lemma card_flat_steps_level_invariant:
  assumes "level x = level x'"
  shows "card (flat_steps x) = card (flat_steps x')"
proof -
  define i where "i = level x"
  have "(\<Sum>e\<in>steps. weight_distribution (coset C (x + e)) i) =
      (\<Sum>e\<in>steps. weight_distribution (coset C (x' + e)) i)"
    using sum_steps_weight_distribution[of i x] sum_steps_weight_distribution[of i x'] assms
      weight_distribution_level_invariant[OF assms] by (simp add: i_def)
  then have "card (flat_steps x) * weight_distribution (coset C x) i =
      card (flat_steps x') * weight_distribution (coset C x) i"
    using sum_steps_weight_distribution_split[of i x] sum_steps_weight_distribution_split[of i x']
      assms sum_down_steps_level_invariant[OF assms, of i]
      weight_distribution_level_invariant[OF assms] by (simp add: i_def)
  moreover have "0 < weight_distribution (coset C x) i"
    using weight_distribution_level_pos by (simp add: i_def)
  ultimately show ?thesis by simp
qed

lemma card_up_steps_level_invariant:
  assumes "level x = level x'"
  shows "card (up_steps x) = card (up_steps x')"
  using sum_steps_split[of "\<lambda>_. 1::nat" x] sum_steps_split[of "\<lambda>_. 1::nat" x']
    card_down_steps_level_invariant[OF assms] card_flat_steps_level_invariant[OF assms]
  by simp

lemma sum_layer_card_up_steps:
  "level z = l \<Longrightarrow> (\<Sum>x\<in>layer l. card (up_steps x)) = card (layer l) * card (up_steps z)"
proof -
  assume "level z = l"
  then have "(\<Sum>x\<in>layer l. card (up_steps x)) = (\<Sum>x\<in>layer l. card (up_steps z))"
    by (intro sum.cong refl card_up_steps_level_invariant) (simp add: layer_def)
  then show ?thesis by simp
qed

lemma sum_layer_card_down_steps:
  "level z = l \<Longrightarrow> (\<Sum>x\<in>layer l. card (down_steps x)) = card (layer l) * card (down_steps z)"
proof -
  assume "level z = l"
  then have "(\<Sum>x\<in>layer l. card (down_steps x)) = (\<Sum>x\<in>layer l. card (down_steps z))"
    by (intro sum.cong refl card_down_steps_level_invariant) (simp add: layer_def)
  then show ?thesis by simp
qed

lemma card_layer_mult_le_square:
  "card (layer m) * card (layer (Suc (Suc m))) \<le> (card (layer (Suc m)))\<^sup>2"
proof (cases "layer (Suc (Suc m)) = {}")
  case False
  then obtain x2 where x2: "level x2 = Suc (Suc m)" by (auto simp: layer_def)
  then obtain e2 where e2: "e2 \<in> steps" "level (x2 + e2) = Suc m" by (rule level_step_down)
  define x1 where "x1 = x2 + e2"
  then obtain e1 where e1: "e1 \<in> steps" "level (x1 + e1) = m"
    using e2 by (metis level_step_down)
  define x0 where "x0 = x1 + e1"
  show ?thesis
  proof (rule nat_mult_le_square_of_ratios)
    show "card (layer m) * card (up_steps x0) = card (layer (Suc m)) * card (down_steps x1)"
      using layer_edge_count[of m] e1 e2 x1_def x0_def
        sum_layer_card_up_steps[of x0] sum_layer_card_down_steps[of x1] by simp
    show "card (layer (Suc m)) * card (up_steps x1) = card (layer (Suc (Suc m))) * card (down_steps x2)"
      using layer_edge_count[of "Suc m"] e2 x2 x1_def
        sum_layer_card_up_steps[of x1] sum_layer_card_down_steps[of x2] by simp
    show "card (up_steps x1) \<le> card (up_steps x0)"
      using card_up_steps_le_below[of e1 x1] e1 e2 x0_def x1_def by simp
    show "card (down_steps x1) \<le> card (down_steps x2)"
      using card_down_steps_below_le[of e2 x2] e2 x2 x1_def by simp
    have "e2 \<in> down_steps x2" using e2 x2 by (simp add: down_steps_def)
    then show "0 < card (down_steps x2)" by (auto simp: card_gt_0_iff)
  qed
qed simp

end

theorem corollary5:
  fixes C :: "('n::finite \<Rightarrow> 'a::{finite,field}) set"
  assumes "linear_code C"
    and "projective_code C"
    and "completely_regular C"
    and "1 \<le> i" and "i \<le> covering_radius C - 1"
  shows "(num_cosets C i)^2 \<ge> num_cosets C (i - 1) * num_cosets C (i + 1)"
proof -
  interpret completely_regular_code C using assms(1,3) by unfold_locales
  obtain m where i: "i = Suc m" using assms(4) by (cases i) auto
  have "(card C)\<^sup>2 * (num_cosets C m * num_cosets C (Suc (Suc m)))
      \<le> (card C)\<^sup>2 * (num_cosets C (Suc m))\<^sup>2"
    using card_layer_mult_le_square[of m] by (simp add: card_layer power2_eq_square ac_simps)
  moreover have "0 < card C" using zero_mem by (auto simp: card_gt_0_iff)
  ultimately show ?thesis using i by simp
qed

end
lemma is_source_pmf_of_set:
  assumes "A \<subseteq> vecs n" "A \<noteq> {}" "2 powr k \<le> real (card A)"
  shows "is_source n k (pmf_of_set A)"
proof -
  have finite_A: "finite A" using finite_subset[OF assms(1)] by simp
  have "pmf (pmf_of_set A) x \<le> 2 powr (- k)" for x
  proof -
    have "pmf (pmf_of_set A) x \<le> 1 / real (card A)"
      using finite_A assms(2) by (simp add: indicator_def)
    also have "\<dots> \<le> 1 / 2 powr k"
      using assms(2,3) finite_A by (intro divide_left_mono mult_pos_pos) (auto simp: card_gt_0_iff)
    finally show ?thesis by (simp add: powr_minus_divide)
  qed
  then show ?thesis
    using assms finite_A by (simp add: is_source_def min_entropy_ge_def)
qed

text \<open>Weight \<open>|V| 2^-m\<close> spread uniformly on \<open>V\<close> and the remaining weight uniformly on the
  complement of \<open>V\<close>; the complement is large enough because \<open>m \<le> n\<close>.\<close>

lemma mixture_source_exists:
  assumes V: "V \<subseteq> vecs n" "V \<noteq> {}" and card_V: "real (card V) \<le> 2 powr m"
    and m_le: "m \<le> real n"
  shows "\<exists>X. is_source n m X \<and> real (card V) * 2 powr (- m) \<le> measure X V"
proof (cases "vecs n - V = {}")
  case True
  then have "V = vecs n" using V by blast
  then have "2 powr m \<le> real (card V)"
    using m_le by (simp add: card_vecs powr_realpow[symmetric])
  then have "is_source n m (pmf_of_set V)" by (rule is_source_pmf_of_set[OF V])
  moreover have "real (card V) * 2 powr (- m) \<le> 1"
    using card_V by (simp add: powr_minus field_simps)
  ultimately show ?thesis
    using V finite_subset[OF V(1)] by (intro exI[of _ "pmf_of_set V"]) (simp add: measure_pmf_of_set)
next
  case False
  define W where "W = vecs n - V"
  define \<alpha> where "\<alpha> = real (card V) * 2 powr (- m)"
  define X where "X = bind_pmf (bernoulli_pmf \<alpha>) (\<lambda>b. pmf_of_set (if b then V else W))"
  have finite: "finite V" "finite W" using finite_subset[OF V(1)] by (auto simp: W_def)
  have card_pos: "0 < real (card V)" "0 < real (card W)"
    using finite V(2) False by (auto simp: W_def card_gt_0_iff)
  have \<alpha>: "0 \<le> \<alpha>" "\<alpha> \<le> 1"
    using card_V by (auto simp: \<alpha>_def powr_minus field_simps)
  have pmf_X: "pmf X x = \<alpha> * indicator V x / real (card V) + (1 - \<alpha>) * indicator W x / real (card W)"
    for x
    unfolding X_def pmf_bind using \<alpha> finite V(2) False by (simp add: W_def mult_ac)
  have "set_pmf X \<subseteq> vecs n"
    unfolding X_def using V finite False by (auto simp: W_def split: if_splits)
  moreover have "pmf X x \<le> 2 powr (- m)" for x
  proof -
    have "(1 - \<alpha>) = (2 powr m - real (card V)) * 2 powr (- m)"
      by (simp add: \<alpha>_def algebra_simps powr_minus)
    also have "\<dots> \<le> real (card W) * 2 powr (- m)"
    proof -
      have "real (card W) = 2 ^ n - real (card V)"
        using V(1) finite(1) card_mono[OF finite_vecs V(1)]
        by (simp add: W_def card_Diff_subset card_vecs of_nat_diff)
      moreover have "2 powr m \<le> 2 ^ n"
        using m_le by (simp add: powr_realpow[symmetric])
      ultimately show ?thesis by (intro mult_right_mono) auto
    qed
    finally have "(1 - \<alpha>) / real (card W) \<le> 2 powr (- m)"
      using card_pos by (simp add: pos_divide_le_eq mult.commute)
    moreover have "\<alpha> / real (card V) = 2 powr (- m)"
      using card_pos by (simp add: \<alpha>_def)
    ultimately show ?thesis
      using pmf_X[of x] \<alpha> by (cases "x \<in> V"; cases "x \<in> W") (auto simp: W_def)
  qed
  moreover have "measure X V = \<alpha>"
  proof -
    have "measure X V = (\<Sum>x\<in>V. \<alpha> / real (card V))"
      using finite pmf_X by (simp add: measure_measure_pmf_finite W_def)
    then show ?thesis using card_pos by simp
  qed
  ultimately show ?thesis
    by (intro exI[of _ X]) (simp add: is_source_def min_entropy_ge_def \<alpha>_def)
qed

- [Work request]:
The answer should hold only the lines from the start of the records above through the line containing "< weight_distribution (coset", each set down exactly.

- [Written response]:
lemma card_flat_steps_level_invariant:
  assumes "level x = level x'"
  shows "card (flat_steps x) = card (flat_steps x')"
proof -
  define i where "i = level x"
  have "(\<Sum>e\<in>steps. weight_distribution (coset C (x + e)) i) =
      (\<Sum>e\<in>steps. weight_distribution (coset C (x' + e)) i)"
    using sum_steps_weight_distribution[of i x] sum_steps_weight_distribution[of i x'] assms
      weight_distribution_level_invariant[OF assms] by (simp add: i_def)
  then have "card (flat_steps x) * weight_distribution (coset C x) i =
      card (flat_steps x') * weight_distribution (coset C x) i"
    using sum_steps_weight_distribution_split[of i x] sum_steps_weight_distribution_split[of i x']
      assms sum_down_steps_level_invariant[OF assms, of i]
      weight_distribution_level_invariant[OF assms] by (simp add: i_def)
  moreover have "0 < weight_distribution (coset C x) i"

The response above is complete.